Foster youth benefit from youth-led advocacy and leadership programs, according to initial findings from a study released in November, 2013.
“A Multi-state Evaluation of Positive Youth Development” found that youth-led advocacy had a significant impact on foster youths’ sense of identity and community. The findings represent the first wave of results from a survey of 285 current and former foster youth in six states.
The research is part of a larger project surveying 500 foster youth conducted by Toni Naccarato, assistant professor at the State University of New York-Albany (SUNY) School of Social Welfare.

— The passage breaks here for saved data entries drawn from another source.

(* Let $\mathbb{K}\in\{\mathbb{R},\mathbb{C}\}$, let $\mathcal{X}$ be a separable topological $\mathbb{K}$-vector space whose topological dual $\mathcal{X}^{\ast}$ separates the points of $\mathcal{X}$, and let $\mathcal{U}$ be a $0$-neighborhood in $\mathcal{X}$ such that there exists an infinite set $\{\sigma_n\}_{n\in\mathbb{N}}$ of linearly independent elements of $\mathcal{X}^{\ast}$ with $\sup_{A\in\mathcal{U}}|\sigma_n(A)|<\infty$ for every $n$. Then $\mathcal{D}_{0,\mathcal{U}}$ (and hence $\mathcal{D}_{\mathcal{U}}\supseteq\mathcal{D}_{0,\mathcal{U}}$) is dense in $\mathbf{CU}_{\mathcal{U}}(\mathcal{X}^{\ast})$ with respect to the weak*-Hausdorff hypertopology.
   Context: Topological vector spaces are Hausdorff. $\mathcal{X}^{\ast}$ carries the weak* topology. $\mathcal{U}^{\circ}=\{\sigma\in\mathcal{X}^{\ast}:|\sigma(A)|\le1\ \forall A\in\mathcal{U}\}$; $\mathbf{CU}_{\mathcal{U}}(\mathcal{X}^{\ast})$ is the set of nonempty convex weak*-closed subsets of $\mathcal{U}^{\circ}$. For a convex set $C\subseteq\mathcal{X}^{\ast}$, $\mathcal{E}(C)$ is its set of extreme points, and a point $\sigma_0\in C$ is exposed if there is $A\in\mathcal{X}$ such that $\sigma\mapsto\mathrm{Re}\,\sigma(A)$ attains its maximum on $C$ uniquely at $\sigma_0$; $\mathcal{E}_0(C)$ is the set of exposed points. $\mathcal{D}_{\mathcal{U}}=\{U\in\mathbf{CU}_{\mathcal{U}}(\mathcal{X}^{\ast}):U=\overline{\mathcal{E}(U)}\}$ and $\mathcal{D}_{0,\mathcal{U}}=\{U\in\mathbf{CU}_{\mathcal{U}}(\mathcal{X}^{\ast}):U=\overline{\mathcal{E}_0(U)}\}$ (weak*-closures). The weak*-Hausdorff hypertopology is generated by the extended pseudometrics $d_H^{(A)}(F,\tilde F)=\max\{\sup_{\sigma\in F}\inf_{\tilde\sigma\in\tilde F}|(\sigma-\tilde\sigma)(A)|,\ \sup_{\tilde\sigma\in\tilde F}\inf_{\sigma\in F}|(\sigma-\tilde\sigma)(A)|\}$, $A\in\mathcal{X}$. *)

theory Defs
  imports "HOL-Analysis.Analysis"
begin

text \<open>Scalar field 'k (instantiated to real or complex), space X = type 'a with its
  type-class topology (Hausdorff via t2_space), scalar multiplication sm.\<close>

definition tvs :: "('k::real_normed_field \<Rightarrow> 'a::{ab_group_add,t2_space} \<Rightarrow> 'a) \<Rightarrow> bool" where
  "tvs sm \<longleftrightarrow> Vector_Spaces.vector_space sm \<and>
     continuous_on UNIV (\<lambda>p::'a \<times> 'a. fst p + snd p) \<and>
     continuous_on UNIV (\<lambda>p::'k \<times> 'a. sm (fst p) (snd p))"

definition tdual :: "('k::real_normed_field \<Rightarrow> 'a::{ab_group_add,topological_space} \<Rightarrow> 'a) \<Rightarrow> ('a \<Rightarrow> 'k) set" where
  "tdual sm = {\<sigma>. (\<forall>x y. \<sigma> (x + y) = \<sigma> x + \<sigma> y) \<and> (\<forall>c x. \<sigma> (sm c x) = c * \<sigma> x)
                     \<and> continuous_on UNIV \<sigma>}"

text \<open>Weak* topology = topology of pointwise convergence on the dual, i.e. the subspace
  topology of the product topology on 'a \<Rightarrow> 'k.\<close>
definition weakstar :: "('k::real_normed_field \<Rightarrow> 'a::{ab_group_add,topological_space} \<Rightarrow> 'a) \<Rightarrow> ('a \<Rightarrow> 'k) topology" where
  "weakstar sm = subtopology euclidean (tdual sm)"

definition polar :: "('k::real_normed_field \<Rightarrow> 'a::{ab_group_add,topological_space} \<Rightarrow> 'a) \<Rightarrow> 'a set \<Rightarrow> ('a \<Rightarrow> 'k) set" where
  "polar sm U = {\<sigma> \<in> tdual sm. \<forall>A\<in>U. norm (\<sigma> A) \<le> 1}"

definition fconvex :: "('a \<Rightarrow> 'k::real_normed_field) set \<Rightarrow> bool" where
  "fconvex C \<longleftrightarrow> (\<forall>x\<in>C. \<forall>y\<in>C. \<forall>t::real. 0 \<le> t \<and> t \<le> 1 \<longrightarrow>
      (\<lambda>A. of_real t * x A + of_real (1 - t) * y A) \<in> C)"

definition CU :: "('k::real_normed_field \<Rightarrow> 'a::{ab_group_add,topological_space} \<Rightarrow> 'a) \<Rightarrow> 'a set \<Rightarrow> ('a \<Rightarrow> 'k) set set" where
  "CU sm U = {C. C \<noteq> {} \<and> fconvex C \<and> closedin (weakstar sm) C \<and> C \<subseteq> polar sm U}"

definition extreme_pts :: "('a \<Rightarrow> 'k::real_normed_field) set \<Rightarrow> ('a \<Rightarrow> 'k) set" where
  "extreme_pts C = {\<sigma> \<in> C. \<not> (\<exists>x\<in>C. \<exists>y\<in>C. \<exists>t::real. 0 < t \<and> t < 1 \<and> x \<noteq> y \<and>
       \<sigma> = (\<lambda>A. of_real t * x A + of_real (1 - t) * y A))}"

text \<open>Exposed points; re is the real part (identity for real scalars, Re for complex).\<close>
definition exposed_pts :: "('k \<Rightarrow> real) \<Rightarrow> ('a \<Rightarrow> 'k) set \<Rightarrow> ('a \<Rightarrow> 'k) set" where
  "exposed_pts re C = {\<sigma>0 \<in> C. \<exists>A. \<forall>\<sigma>\<in>C. \<sigma> \<noteq> \<sigma>0 \<longrightarrow> re (\<sigma> A) < re (\<sigma>0 A)}"

definition DU :: "('k::real_normed_field \<Rightarrow> 'a::{ab_group_add,topological_space} \<Rightarrow> 'a) \<Rightarrow> 'a set \<Rightarrow> ('a \<Rightarrow> 'k) set set" where
  "DU sm U = {C \<in> CU sm U. C = weakstar sm closure_of extreme_pts C}"

definition D0U :: "('k::real_normed_field \<Rightarrow> 'a::{ab_group_add,topological_space} \<Rightarrow> 'a) \<Rightarrow> ('k \<Rightarrow> real) \<Rightarrow> 'a set \<Rightarrow> ('a \<Rightarrow> 'k) set set" where
  "D0U sm re U = {C \<in> CU sm U. C = weakstar sm closure_of exposed_pts re C}"

definition hdist :: "'a::ab_group_add \<Rightarrow> ('a \<Rightarrow> 'k::real_normed_field) set \<Rightarrow> ('a \<Rightarrow> 'k) set \<Rightarrow> ereal" where
  "hdist A F G = max (SUP \<sigma>\<in>F. INF \<tau>\<in>G. ereal (norm (\<sigma> A - \<tau> A)))
                     (SUP \<tau>\<in>G. INF \<sigma>\<in>F. ereal (norm (\<sigma> A - \<tau> A)))"

text \<open>Weak*-Hausdorff hypertopology: the topology generated by the family of extended
  pseudometrics hdist A, A \<in> X (open sets = sets containing a finite-intersection ball
  around each of their points).\<close>
definition hyper_top :: "(('a::ab_group_add \<Rightarrow> 'k::real_normed_field) set) topology" where
  "hyper_top = topology (\<lambda>S. \<forall>F\<in>S. \<exists>As \<epsilon>. finite As \<and> \<epsilon> > 0 \<and>
      {G. \<forall>A\<in>As. hdist A F G < ereal \<epsilon>} \<subseteq> S)"

definition lin_indep_seq :: "(nat \<Rightarrow> 'a \<Rightarrow> 'k::field) \<Rightarrow> bool" where
  "lin_indep_seq \<sigma> \<longleftrightarrow> (\<forall>F c. finite F \<longrightarrow> (\<forall>x. (\<Sum>n\<in>F. c n * \<sigma> n x) = 0) \<longrightarrow> (\<forall>n\<in>F. c n = 0))"

end

theory Submission
  imports Defs "HOL-Library.Function_Algebras"
begin

(*
  Fix C in CU, finitely many test vectors As and eps > 0.  Choose points p_0, ..., p_(m-1)
  of C forming an eps/4-net of C in every coordinate A in As.  Linear independence of the
  sigma_n yields functionals tau_n, bounded on U, and vectors D_n with tau_n (D_k) = delta_nk
  and p_j (D_n) = 0.  For small theta and suitable weights e_n > 0 the set

    G = { (1 - theta) sum_(j<m) x_j p_j + sum_n x_n e_n tau_n :
          x_j >= 0 for j < m,  sum_(j<m) x_j = 1,  sum_n x_n^2 <= 1 }

  is a compact convex subset of the polar of U lying within eps of C for each d_H^(A),
  A in As.  Evaluation at sum_(k<=N) (y_k / e_k) D_k is the l^2 inner product with y, so
  every finitely supported unit vector y gives an exposed point of G; truncating x after N
  coordinates and completing it to a unit vector shows that these points are dense in G.
  Hence G is in D_0U and C lies in the closure of D_0U.  Exposed points are extreme, so
  D_0U is contained in D_U.
*)

section \<open>Linear functionals and biorthogonal systems\<close>

definition lin_functional :: "('k::field \<Rightarrow> 'a::ab_group_add \<Rightarrow> 'a) \<Rightarrow> ('a \<Rightarrow> 'k) \<Rightarrow> bool" where
  "lin_functional sm \<phi> \<longleftrightarrow> (\<forall>x y. \<phi> (x + y) = \<phi> x + \<phi> y) \<and> (\<forall>c x. \<phi> (sm c x) = c * \<phi> x)"

lemma lin_functional_add: "lin_functional sm \<phi> \<Longrightarrow> \<phi> (x + y) = \<phi> x + \<phi> y"
  unfolding lin_functional_def by blast

lemma lin_functional_scale: "lin_functional sm \<phi> \<Longrightarrow> \<phi> (sm c x) = c * \<phi> x"
  unfolding lin_functional_def by blast

lemma lin_functional_zero: "lin_functional sm \<phi> \<Longrightarrow> \<phi> 0 = 0"
  using lin_functional_add[of sm \<phi> 0 0] by (metis add.right_neutral add_left_cancel)

lemma lin_functional_diff: "lin_functional sm \<phi> \<Longrightarrow> \<phi> (x - y) = \<phi> x - \<phi> y"
  using lin_functional_add[of sm \<phi> "x - y" y] by (simp add: algebra_simps)

lemma lin_functional_sum: "lin_functional sm \<phi> \<Longrightarrow> \<phi> (\<Sum>i\<in>F. g i) = (\<Sum>i\<in>F. \<phi> (g i))"
  by (induction F rule: infinite_finite_induct) (auto simp: lin_functional_zero lin_functional_add)

lemma lin_functional_lincomb:
  "(\<And>i. i \<in> F \<Longrightarrow> lin_functional sm (f i)) \<Longrightarrow> lin_functional sm (\<lambda>x. \<Sum>i\<in>F. c i * f i x)"
  by (simp add: lin_functional_def sum.distrib sum_distrib_left algebra_simps)

lemma lin_functional_plus:
  "lin_functional sm f \<Longrightarrow> lin_functional sm g \<Longrightarrow> lin_functional sm (\<lambda>x. f x + g x)"
  by (simp add: lin_functional_def algebra_simps)

lemma lin_functional_minus:
  "lin_functional sm f \<Longrightarrow> lin_functional sm g \<Longrightarrow> lin_functional sm (\<lambda>x. f x - g x)"
  by (simp add: lin_functional_def algebra_simps)

lemma tdual_imp_lin_functional: "\<phi> \<in> tdual sm \<Longrightarrow> lin_functional sm \<phi>"
  by (simp add: tdual_def lin_functional_def)

lemma polar_imp_lin_functional: "\<phi> \<in> polar sm U \<Longrightarrow> lin_functional sm \<phi>"
  by (simp add: polar_def tdual_imp_lin_functional)

interpretation fun_space:
  Vector_Spaces.vector_space "(\<lambda>c f x. c * f x) :: 'k::field \<Rightarrow> ('a \<Rightarrow> 'k) \<Rightarrow> 'a \<Rightarrow> 'k"
  by unfold_locales (auto simp: fun_eq_iff algebra_simps)

lemma sum_fun_apply: "(\<Sum>i\<in>F. f i) x = (\<Sum>i\<in>F. f i x)"
  by (induction F rule: infinite_finite_induct) auto

lemma span_vanishing:
  assumes "\<forall>\<phi>\<in>S. \<phi> x = 0" "\<psi> \<in> fun_space.span S"
  shows "\<psi> x = (0::'k::field)"
  using assms(2) by (induction rule: fun_space.span_induct_alt) (use assms(1) in auto)

lemma lin_functional_separation:
  fixes S :: "('a::ab_group_add \<Rightarrow> 'k::field) set"
  assumes "finite S" "\<forall>\<phi>\<in>S. lin_functional sm \<phi>" "lin_functional sm \<psi>" "\<psi> \<notin> fun_space.span S"
  shows "\<exists>x. (\<forall>\<phi>\<in>S. \<phi> x = 0) \<and> \<psi> x = 1"
  using assms
proof (induction S arbitrary: \<psi> rule: finite_induct)
  case empty
  then obtain x where x: "\<psi> x \<noteq> 0" by (auto simp: fun_eq_iff)
  then have "\<psi> (sm (1 / \<psi> x) x) = 1" using empty.prems(2) by (simp add: lin_functional_scale)
  then show ?case by blast
next
  case (insert \<phi>\<^sub>0 S)
  have lin\<^sub>0: "lin_functional sm \<phi>\<^sub>0" and linS: "\<forall>\<phi>\<in>S. lin_functional sm \<phi>"
    using insert.prems(1) by auto
  show ?case
  proof (cases "\<phi>\<^sub>0 \<in> fun_space.span S")
    case True
    then have "\<psi> \<notin> fun_space.span S" using insert.prems(3) fun_space.span_redundant by metis
    then obtain x where x: "\<forall>\<phi>\<in>S. \<phi> x = 0" "\<psi> x = 1" using insert.IH linS insert.prems(2) by blast
    moreover have "\<phi>\<^sub>0 x = 0" using span_vanishing[OF x(1) True] .
    ultimately show ?thesis by auto
  next
    case False
    then obtain y where y: "\<forall>\<phi>\<in>S. \<phi> y = 0" "\<phi>\<^sub>0 y = 1" using insert.IH linS lin\<^sub>0 by blast
    define \<psi>' where "\<psi>' = (\<lambda>x. \<psi> x - \<psi> y * \<phi>\<^sub>0 x)"
    have "lin_functional sm \<psi>'"
      using insert.prems(2) lin\<^sub>0 by (auto simp: lin_functional_def \<psi>'_def algebra_simps)
    moreover have "\<psi>' \<notin> fun_space.span S"
    proof
      assume "\<psi>' \<in> fun_space.span S"
      moreover have "\<psi>' = \<psi> - (\<lambda>x. \<psi> y * \<phi>\<^sub>0 x)" by (auto simp: \<psi>'_def fun_eq_iff)
      ultimately have "\<psi> \<in> fun_space.span (insert \<phi>\<^sub>0 S)" using fun_space.span_breakdown_eq by auto
      then show False using insert.prems(3) by blast
    qed
    ultimately obtain x where x: "\<forall>\<phi>\<in>S. \<phi> x = 0" "\<psi>' x = 1" using insert.IH linS by blast
    \<comment> \<open>shift \<open>x\<close> along \<open>y\<close> so that \<open>\<phi>\<^sub>0\<close> vanishes as well\<close>
    define z where "z = x + sm (- \<phi>\<^sub>0 x) y"
    have z: "\<phi> z = \<phi> x - \<phi>\<^sub>0 x * \<phi> y" if "lin_functional sm \<phi>" for \<phi>
      using that by (simp add: z_def lin_functional_add lin_functional_scale)
    have "\<phi>\<^sub>0 z = 0" using z[OF lin\<^sub>0] y(2) by simp
    moreover have "\<phi> z = 0" if "\<phi> \<in> S" for \<phi> using z[of \<phi>] that linS x(1) y(1) by auto
    ultimately have "\<forall>\<phi>\<in>insert \<phi>\<^sub>0 S. \<phi> z = 0" by blast
    moreover have "\<psi> z = 1" using z[OF insert.prems(2)] x(2) by (simp add: \<psi>'_def mult.commute)
    ultimately show ?thesis by blast
  qed
qed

“I was very interested in the fact that youth were actually informing and doing the trainings,” said Naccarato, speaking about the study during a phone interview. “I wanted to highlight what’s happening in this model in a quantitative way.”
One such intervention model is youth-led advocacy, empowering foster youth to advocate for their own rights by teaching them how to interact with legislators and how to tell their personal stories in a compelling way that incites change.
The model of youth-led advocacy, as studied by Naccarato, began with organizations like the California Youth Connection 25 years ago and today exists on a national level through Foster Youth in Action (FYA), a foster youth advocacy training organization. Iterations of the model are popping up around the nation.
Naccarato’s study surveyed 285 youth between the ages of 14-26 years in its first wave. Participants were from California, Indiana, Massachusetts, Nebraska, Oregon, and Washington.
SUNY-Albany partnered with FYA to determine if there was a difference in youth before and after they participated in leadership and advocacy training. The six developmental domains studied included:
1) Identity Affiliation
2) Civic Activism
3) Supportive Relationships
4) Youth Involvement 5) Skill Building
6) Community Involvement
The Wave 1 study involved tests administered to the youths before and after the intervention, and a dependent sample t-test to gauge the difference in score. The level of statistical significance used to test each pair was .05, which is typical of social science research. This means the research team is 95% confident in the t-test scores.
The initial findings indicate that youth who participate in leadership and advocacy trainings are positively impacted in the six identified domains. The average difference between pre-test and post-test scores in all six domains was a little over 6.1 points.
“The information analyzed thus far strongly supports that youth are positively impacted through their participation in the intervention,” the Wave 1 conclusion states. “This approach offers lessons to be learned for future studies engaging current and former foster youth in practice, policy, and research activities.”
Naccarato is herself a former foster youth, and conceived of the study to inform on best practices in the field.
“My experience is that research separated from the field is nonsense,” she said. “It has to be tethered to the field, and we need to see the results on the human beings we’re studying.”
Naccarato and Carmen Duncan, research assistant and former homeless youth, presented the Wave 1 data at the 2013 National Pathways to Adulthood convening in Baltimore, and the final report will be presented at The Society for Social Work and Research Conference in January.
Naccarato and her team are already working on collecting and analyzing Wave 2 data, which will track outcomes for about 325 total youth. This project was funded by the Stuart Foundation, which also supports The Imprint.